## Try it:
Print the lines in the listing below that fall between the line with "using rmatch_tequiv by" and the line with "with s_consR.IH show", those two lines included, exactly as they stand and with nothing else.

## Source data:
lemma ends_dyn_RCons [simp]: "ends_dyn (RCons l A r) \<longleftrightarrow> ends_dyn r"
proof
  assume "ends_dyn (RCons l A r)"
  then obtain r' where "closed_row r'" "RCons l A r = rconcat r' Dyn"
    unfolding ends_dyn_def by blast
  then show "ends_dyn r"
    unfolding ends_dyn_def by (cases r') auto
next
  assume "ends_dyn r"
  then obtain r' where "closed_row r'" "r = rconcat r' Dyn"
    unfolding ends_dyn_def by blast
  then have "closed_row (RCons l A r')" "RCons l A r = rconcat (RCons l A r') Dyn"
    by simp_all
  then show "ends_dyn (RCons l A r)"
    unfolding ends_dyn_def by blast
qed

lemma ends_dyn_cases: "ends_dyn r \<Longrightarrow> r = Dyn \<or> (\<exists>l A r'. r = RCons l A r')"
  unfolding ends_dyn_def by (metis closed_row.elims(2) rconcat.simps(1,2))

lemma ends_dyn_rmatch_Dyn: "ends_dyn r \<Longrightarrow> l \<notin> rdom r \<Longrightarrow> rmatch r l Dyn r"
  by (induction r) (auto intro: rmatch.intros dest: ends_dyn_cases)

lemma rmatch_ends_dyn: "rmatch r l A r' \<Longrightarrow> ends_dyn r \<Longrightarrow> ends_dyn r'"
  by (induction rule: rmatch.induct) auto

lemma rmatch_rdom: "rmatch r l A r' \<Longrightarrow> rdom r' \<subseteq> rdom r"
  by (induction rule: rmatch.induct) auto

lemma rmatch_size: "rmatch r l A r' \<Longrightarrow> size r' \<le> size r"
  by (induction rule: rmatch.induct) auto

lemma rmatch_commute:
  assumes "rmatch r l A r'" and "rmatch r' m B r''" and "m \<noteq> l"
  shows "\<exists>s. rmatch r m B s \<and> rmatch s l A r''"
  using assms
proof (induction arbitrary: r'' rule: rmatch.induct)
  case (rm_head l A r)
  then show ?case by (blast intro: rmatch.intros)
next
  case (rm_skip k l r A r' C)
  from rm_skip.prems(1) show ?case
  proof cases
    case rm_head
    with rm_skip.hyps show ?thesis by (blast intro: rmatch.intros)
  next
    case (rm_skip s')
    with rm_skip.IH rm_skip.prems(2) rm_skip.hyps(1) show ?thesis
      by (blast intro: rmatch.rm_skip)
  qed
next
  case (rm_dyn l)
  then show ?case by (auto elim: rmatch.cases intro: rmatch.rm_dyn)
qed

lemma consist_rmatch_open_row_self:
  "rmatch A l A' B \<Longrightarrow> ends_dyn B \<Longrightarrow> l \<notin> rdom B \<Longrightarrow> consist A B"
proof (induction rule: rmatch.induct)
  case (rm_head l A r)
  then show ?case by (blast intro: consist.c_rowL consist.c_dynR consist.c_refl ends_dyn_rmatch_Dyn)
next
  case (rm_skip m l r A r' X)
  then show ?case by (auto intro: consist.c_rowL rmatch.rm_head consist.c_refl)
qed (rule consist.c_dynL)

lemma consist_rmatch_open_row:
  assumes "rmatch A l A' r" and "consist r B" and "ends_dyn B" and "l \<notin> rdom B"
  shows "consist A B"
  using assms
proof (induction "size A + size B" arbitrary: A A' r B rule: less_induct)
  case less
  from less.prems(1) show ?case
  proof cases
    case rm_head
    with less.prems(2-4) show ?thesis
      by (blast intro: consist.c_rowL consist.c_dynR ends_dyn_rmatch_Dyn)
  next
    case rm_dyn
    then show ?thesis by (simp add: consist.c_dynL)
  next
    case (rm_skip m s s' X)
    from less.prems(2) rm_skip have "consist (RCons m X s') B" by simp
    then show ?thesis
    proof cases
      case c_refl
      with less.prems(1,3,4) rm_skip show ?thesis by (simp add: consist_rmatch_open_row_self)
    next
      case c_dynR
      then show ?thesis by (simp add: consist.c_dynR)
    next
      case c_allR
      with less.prems(3) show ?thesis by (auto dest: ends_dyn_cases)
    next
      case (c_rowL B' r2)
      have "consist s r2"
        using less.hyps[of s r2 A' s'] rm_skip c_rowL less.prems(3,4)
          rmatch_ends_dyn[of B m B' r2] rmatch_rdom[of B m B' r2] rmatch_size[of B m B' r2]
        by auto
      with rm_skip c_rowL show ?thesis by (simp add: consist.c_rowL)
    next
      case (c_rowR n Z t Y r2)
      with less.prems(4) have "n \<noteq> l" by auto
      moreover from rm_skip c_rowR have "rmatch r n Z t" by simp
      ultimately obtain s'' where "rmatch A n Z s''" "rmatch s'' l A' t"
        using rmatch_commute[OF less.prems(1)] by blast
      moreover have "consist s'' r2"
        using less.hyps[of s'' r2 A' t] less.prems(3,4) c_rowR rmatch_size[OF \<open>rmatch A n Z s''\<close>]
          \<open>rmatch s'' l A' t\<close> by simp
      ultimately show ?thesis using c_rowR by (simp add: consist.c_rowR)
    qed
  qed
qed

lemma tequiv_consist: "tequiv A B \<Longrightarrow> consist A B"
proof (induction "size B" arbitrary: A B rule: less_induct)
  case less
  show ?case
  proof (cases B)
    case (Arr B1 B2)
    with less show ?thesis by (auto simp: tequiv_Arr_iff intro: consist.c_arr)
  next
    case (All K B1)
    with less show ?thesis by (auto simp: tequiv_All_iff intro: consist.c_all)
  next
    case (Rec B1)
    with less show ?thesis by (auto simp: tequiv_Rec_iff intro: consist.c_rec)
  next
    case (Var B1)
    with less show ?thesis by (auto simp: tequiv_Var_iff intro: consist.c_var)
  next
    case (RCons l B1 s)
    with less.prems obtain A1 r where "rmatch A l A1 r" "tequiv A1 B1" "tequiv r s"
      using rmatch_tequiv by (blast intro: rmatch.rm_head)
    with less RCons show ?thesis by (auto intro: consist.c_rowR)
  qed (use less.prems in \<open>cases A; auto dest!: tequiv_head_tequiv intro: consist.c_refl\<close>)+
qed

theorem mainTheorem3:
  fixes A B C :: ty
  assumes "tequiv A C" and "sim C B"
  shows "consist A B"
  using assms(2,1)
proof (induction arbitrary: A rule: sim.induct)
  case (s_refl C)
  then show ?case by (rule tequiv_consist)
next
  case (s_allL B A1 K)
  then show ?case by (auto simp: tequiv_All_iff intro: consist.c_allL)
next
  case (s_allR A1 B K)
  then show ?case by (blast intro: consist.c_allR tequiv_QPoly tequiv_lift)
next
  case (s_cons A1 B1 r1 r2 l)
  then obtain a r where "rmatch A l a r" "tequiv a A1" "tequiv r r1"
    using rmatch_tequiv rmatch.rm_head by blast
  with s_cons.IH show ?case by (blast intro: consist.c_rowR)
next
  case (s_consL l r2 r1 A1)
  then obtain a r where "rmatch A l a r" "tequiv r r1"
    using rmatch_tequiv rmatch.rm_head by blast
  with s_consL show ?case by (blast intro: consist_rmatch_open_row)
next
  case (s_consR l r1 r2 B1)
  then obtain a r where "rmatch A l a r" "tequiv a Dyn" "tequiv r r1"
    using rmatch_tequiv ends_dyn_rmatch_Dyn by blast
  with s_consR.IH show ?case by (auto simp: tequiv_Dyn_iff intro: consist.c_rowR consist.c_dynL)
qed (auto simp: tequiv_Arr_iff tequiv_All_iff tequiv_Rec_iff tequiv_Var_iff tequiv_Dyn_iff
      intro: consist.intros)

end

## Response area:
      using rmatch_tequiv by (blast intro: rmatch.rm_head)
    with less RCons show ?thesis by (auto intro: consist.c_rowR)
  qed (use less.prems in \<open>cases A; auto dest!: tequiv_head_tequiv intro: consist.c_refl\<close>)+
qed

theorem mainTheorem3:
  fixes A B C :: ty
  assumes "tequiv A C" and "sim C B"
  shows "consist A B"
  using assms(2,1)
proof (induction arbitrary: A rule: sim.induct)
  case (s_refl C)
  then show ?case by (rule tequiv_consist)
next
  case (s_allL B A1 K)
  then show ?case by (auto simp: tequiv_All_iff intro: consist.c_allL)
next
  case (s_allR A1 B K)
  then show ?case by (blast intro: consist.c_allR tequiv_QPoly tequiv_lift)
next
  case (s_cons A1 B1 r1 r2 l)
  then obtain a r where "rmatch A l a r" "tequiv a A1" "tequiv r r1"
    using rmatch_tequiv rmatch.rm_head by blast
  with s_cons.IH show ?case by (blast intro: consist.c_rowR)
next
  case (s_consL l r2 r1 A1)
  then obtain a r where "rmatch A l a r" "tequiv r r1"
    using rmatch_tequiv rmatch.rm_head by blast
  with s_consL show ?case by (blast intro: consist_rmatch_open_row)
next
  case (s_consR l r1 r2 B1)
  then obtain a r where "rmatch A l a r" "tequiv a Dyn" "tequiv r r1"
    using rmatch_tequiv ends_dyn_rmatch_Dyn by blast
  with s_consR.IH show ?case by (auto simp: tequiv_Dyn_iff intro: consist.c_rowR consist.c_dynL)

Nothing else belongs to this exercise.